Не думать – лучшая гимнастика для душевного здоровья, и проще всего жить под сенью наивной идеологии.

Если уж тебя толкнули на край отвесных скал морали, то все сомнения разумнее оттуда же и сбросить.

Учись душевной черствости. Стань самым непробиваемым на свете сухарем.

Прими тавтологию: мы правы, потому что мы правы.

Солдаты убивают врагов направо и налево, чтобы спасти свои шкуры. В отличие от нас, высокотехнологичных убийц, простые пехотинцы, стреляющие «врагов» пачками, довольно легко абстрагируются от личности и жизненных обстоятельств противника.

И все-таки некоторые солдаты ломаются. Как-то раз, когда бойцов решили отправить домой из Ирака, армейским чинам пришлось привлечь кучу психологов перед тем, как разрешить ребятам вернуться в общество. Одним из этапов реабилитации стал лагерь, где солдат прогоняли через сценарии обычной гражданской жизни.

Солдаты в багдадском лагере играли друг с другом в «дочки-матери» на темы американской повседневной жизни.

Солдаты, которые привыкли к другому миру, полю битвы, вспоминали, как ходить за продуктами в Kmart[1]. Сколько стоит батончик «Марс». Без курса виртуальной Америки мужчины и женщины, которые сражались в Ираке, уже не могли вернуться домой.

У людей и так психика хрупкая, а тут возрастает шанс, что индивид, познавший на собственном опыте убийство, схлопочет расстройство личности и захочет отнять еще больше жизней. Мы же, в отличие от простых солдат, убиваем не какого-то там абстрактного «врага», а конкретных людей. Стресс от этого сильнее, чем от обезличенных противников.

Впрочем, мы с Уильямсом – просто изнеженные и мнительные американцы. Цена человеческой жизни в некоторых уголках мира удивительно мала, и я прекрасно знал и даже лично видел, что во многих горячих точках она становилась отрицательной величиной.

Тьма, в которую нас сбросят в гладких тесных коконах, – часть того ада. Там, далеко внизу, на земле, в точке, куда мы приземлимся, воцарился хаос. Трагично, но одновременно немного празднично.

Так же и в аду, который изобразил Иероним Босх, есть своя толика радости.

– Наш лимузин уже пять минут на вражеской территории, а ПВО молчит. Ракеты «земля-воздух» тоже. Похоже, враг нас не заметил. Заснули, что ли? – прозвучал у меня в ушах комментарий из кокпита.

Чтобы участникам секретных операций не приходилось таскать на себе передатчики, нам внедряли совместимые с тканями организма и питающиеся от тепла тела «живые» связи. Достаточно пробубнить себе что-то невнятное под нос, а все остальное расшифрует программа. До собеседника реплика дойдет в ясном и отчетливом виде. Как будто говоришь в спокойной и ничем не стесненной обстановке. Мой голос зазвучит в динамике, хотя связки никакого звука не произведут.

– Я думаю, стелс-краска поглощает большинство волн. – Уильямс пожал плечами. – Сомневаюсь, что нас и свои бы увидели, так что «свой-чужой» тут ни при чем.

– Десять минут до спуска. Заворачивайтесь в пледики, ребят. Удачи!

– Ты его слышал! – заметил я, хлопая Уильямса по плечу.

Кокпит отрубил связь, и я послушно залез в кокон. Поверхность сделали матово черной не ради поглощения волн радара, а чтобы она не пропускала инфракрасное излучение. Провожатый запустил в динамики Voodoo Child Джими Хендрикса. Решил подбодрить перед запуском.

Каждый раз, когда вижу, как парни расходятся по коконам, невольно думаю: в гробы залазят.

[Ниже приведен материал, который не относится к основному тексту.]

lemma reduction_lift_exists:
  assumes "\<forall>i. coprime (snd (quotient_of (coeff g i))) a"
  shows "\<exists>G. reduction_lift a g G"
proof -
  define r where "r = (\<lambda>i. fst (quotient_of (coeff g i)))"
  define s where "s = (\<lambda>i. snd (quotient_of (coeff g i)))"
  have "\<exists>u. [s i * u = 1] (mod a)" for i
    using assms unfolding s_def by (intro cong_solve_coprime_int) simp
  then obtain u where u: "\<And>i. [s i * u i = 1] (mod a)" by metis
  define G where "G = Poly (map (\<lambda>i. r i * u i) [0..<Suc (degree g)])"
  have "[coeff G i * s i = r i] (mod a)" for i
  proof (cases "i \<le> degree g")
    case True
    hence "coeff G i * s i = r i * (s i * u i)"
      unfolding G_def by (simp add: nth_default_def del: upt_Suc)
    also have "[\<dots> = r i * 1] (mod a)" by (intro cong_mult cong_refl u)
    finally show ?thesis by simp
  next
    case False
    thus ?thesis unfolding G_def r_def s_def by (simp add: nth_default_def coeff_eq_0)
  qed
  thus ?thesis unfolding reduction_lift_def r_def s_def by blast
qed

lemma reduction_lift_diff_scaled:
  fixes g :: "rat poly" and G :: "int poly"
  assumes a: "a \<noteq> 0" and denoms: "\<forall>i. coprime (snd (quotient_of (coeff g i))) a"
    and lift: "reduction_lift a g G"
  obtains S H where "coprime S a"
    "map_poly of_int H = Polynomial.smult (of_int S / of_int a) (map_poly of_int G - g)"
proof -
  define r where "r = (\<lambda>i. fst (quotient_of (coeff g i)))"
  define s where "s = (\<lambda>i. snd (quotient_of (coeff g i)))"
  have quot: "quotient_of (coeff g i) = (r i, s i)" for i
    unfolding r_def s_def by simp
  have g_coeff: "coeff g i = of_int (r i) / of_int (s i)" for i
    by (rule quotient_of_div[OF quot])
  have s_pos: "s i > 0" for i
    by (rule quotient_of_denom_pos[OF quot])
  define t where "t i = (coeff G i * s i - r i) div a" for i
  have "a dvd coeff G i * s i - r i" for i
    using lift unfolding reduction_lift_def r_def s_def cong_iff_dvd_diff by (metis dvd_diff_commute)
  hence t: "coeff G i * s i - r i = a * t i" for i unfolding t_def by simp
  define S where "S = (\<Prod>i\<le>degree g. s i)"
  have "coprime S a" unfolding S_def using denoms unfolding s_def by (intro prod_coprime_left) simp
  have s_dvd: "s i dvd S" for i
  proof (cases "i \<le> degree g")
    case True thus ?thesis unfolding S_def by (intro dvd_prodI) auto
  next
    case False thus ?thesis unfolding s_def by (simp add: coeff_eq_0)
  qed
  \<comment> \<open>the coefficients of \<open>G - g\<close> are \<open>a t\<^sub>i / s\<^sub>i\<close>, so \<open>S / a\<close> clears all denominators\<close>
  have "coeff (Polynomial.smult (of_int S / of_int a) (map_poly of_int G - g)) i \<in> \<int>" for i
  proof -
    have "of_int S = (of_int (S div s i) * of_int (s i) :: rat)"
      using s_dvd[of i] by (simp flip: of_int_mult)
    moreover have "of_int (coeff G i) - of_int (r i) / of_int (s i) = of_int (a * t i) / (of_int (s i) :: rat)"
      using s_pos[of i] t[of i] by (simp add: field_simps flip: of_int_mult of_int_diff)
    ultimately have "coeff (Polynomial.smult (of_int S / of_int a) (map_poly of_int G - g)) i
        = of_int (S div s i * t i)"
      using a s_pos[of i] by (simp add: g_coeff field_simps)
    thus ?thesis by simp
  qed
  then obtain H where "Polynomial.smult (of_int S / of_int a) (map_poly of_int G - g) = map_poly of_int H"
    by (rule intpolyE)
  with \<open>coprime S a\<close> show ?thesis by (metis that)
qed

lemma mem_ring_of_integers_if_coprime_multiples:
  assumes "coprime S a" "of_int S * \<beta> \<in> ring_of_integers \<gamma>" "of_int a * \<beta> \<in> ring_of_integers \<gamma>"
  shows "\<beta> \<in> ring_of_integers \<gamma>"
proof -
  obtain u v where "u * S + v * a = 1"
    using assms(1) by (metis bezout_coefficients_fst_snd coprime_imp_gcd_eq_1)
  hence "\<beta> = of_int (u * S + v * a) * \<beta>" by simp
  also have "\<dots> = of_int u * (of_int S * \<beta>) + of_int v * (of_int a * \<beta>)"
    by (simp add: algebra_simps)
  also have "\<dots> \<in> ring_of_integers \<gamma>"
    using assms(2,3) ring_of_integers_closed(1) ring_of_integers_closed(3)[OF ring_of_integers_of_int]
    by blast
  finally show ?thesis .
qed

lemma reduction_lift_eval:
  assumes "algebraic_integer \<gamma>" "a \<noteq> 0" "\<alpha> \<in> ring_of_integers \<gamma>"
    and "poly (map_poly of_rat g) \<gamma> = \<alpha>"
    and "\<forall>i. coprime (snd (quotient_of (coeff g i))) a"
    and "reduction_lift a g G"
  obtains \<beta> where "\<beta> \<in> ring_of_integers \<gamma>" "poly (of_int_poly G) \<gamma> = \<alpha> + of_int a * \<beta>"
proof -
  obtain S H where S: "coprime S a"
    and H: "map_poly of_int H = Polynomial.smult (of_int S / of_int a) (map_poly of_int G - g)"
    by (rule reduction_lift_diff_scaled[OF assms(2,5,6)])
  define \<beta> where "\<beta> = (poly (of_int_poly G) \<gamma> - \<alpha>) / of_int a"
  have a_\<beta>: "of_int a * \<beta> = poly (of_int_poly G) \<gamma> - \<alpha>"
    unfolding \<beta>_def using assms(2) by simp
  have "poly (of_int_poly H) \<gamma> = poly (map_poly of_rat (map_poly of_int H)) \<gamma>"
    by (rule poly_of_rat_of_int_poly[symmetric])
  also have "\<dots> = of_rat (of_int S / of_int a) * (poly (of_int_poly G) \<gamma> - \<alpha>)"
    unfolding H assms(4)[symmetric]
    by (simp only: of_rat_hom.map_poly_hom_smult of_rat_poly_hom.hom_minus poly_smult poly_diff
        poly_of_rat_of_int_poly)
  also have "\<dots> = of_int S * \<beta>"
    unfolding \<beta>_def by (simp add: of_rat_divide)
  finally have "poly (of_int_poly H) \<gamma> = of_int S * \<beta>" .
  hence "of_int S * \<beta> \<in> ring_of_integers \<gamma>"
    using poly_of_int_poly_mem_ring_of_integers[OF assms(1), of H] by simp
  moreover have "of_int a * \<beta> \<in> ring_of_integers \<gamma>"
    unfolding a_\<beta> using poly_of_int_poly_mem_ring_of_integers[OF assms(1)] assms(3)
    by (rule ring_of_integers_closed(2))
  ultimately have "\<beta> \<in> ring_of_integers \<gamma>"
    by (rule mem_ring_of_integers_if_coprime_multiples[OF S])
  thus ?thesis using a_\<beta> that by simp
qed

Мы как мертвецы, которые расползаются обратно по могилам. Из-за камуфляжной краски на лицах мы похожи на зомби. Мертвяки, которых оживила магия вуду, возвращаются на кладбище, где им самое место. От таких мыслей движения коллег сразу показались какими-то притупленными, а глаза мутными и мертвыми, как у рыб.

Voodoo Child… Похоже, у нашего провожатого те же ассоциации. Я искоса бросил на него взгляд, но он готовился к разгерметизации, потому нацепил кислородную маску на пол-лица, и его выражения я не разглядел.

Я встал и тоже пошел к кокону. Товарищи в свои уже упаковались и сложили руки на груди так, чтобы легче выдержать импульс. Сверху действительно казалось, что это мертвые в гробах.

Я вдруг вспомнил сцену из «Космической Одиссеи 2001».

Как спящих криосном космонавтов безмолвно убивает компьютер.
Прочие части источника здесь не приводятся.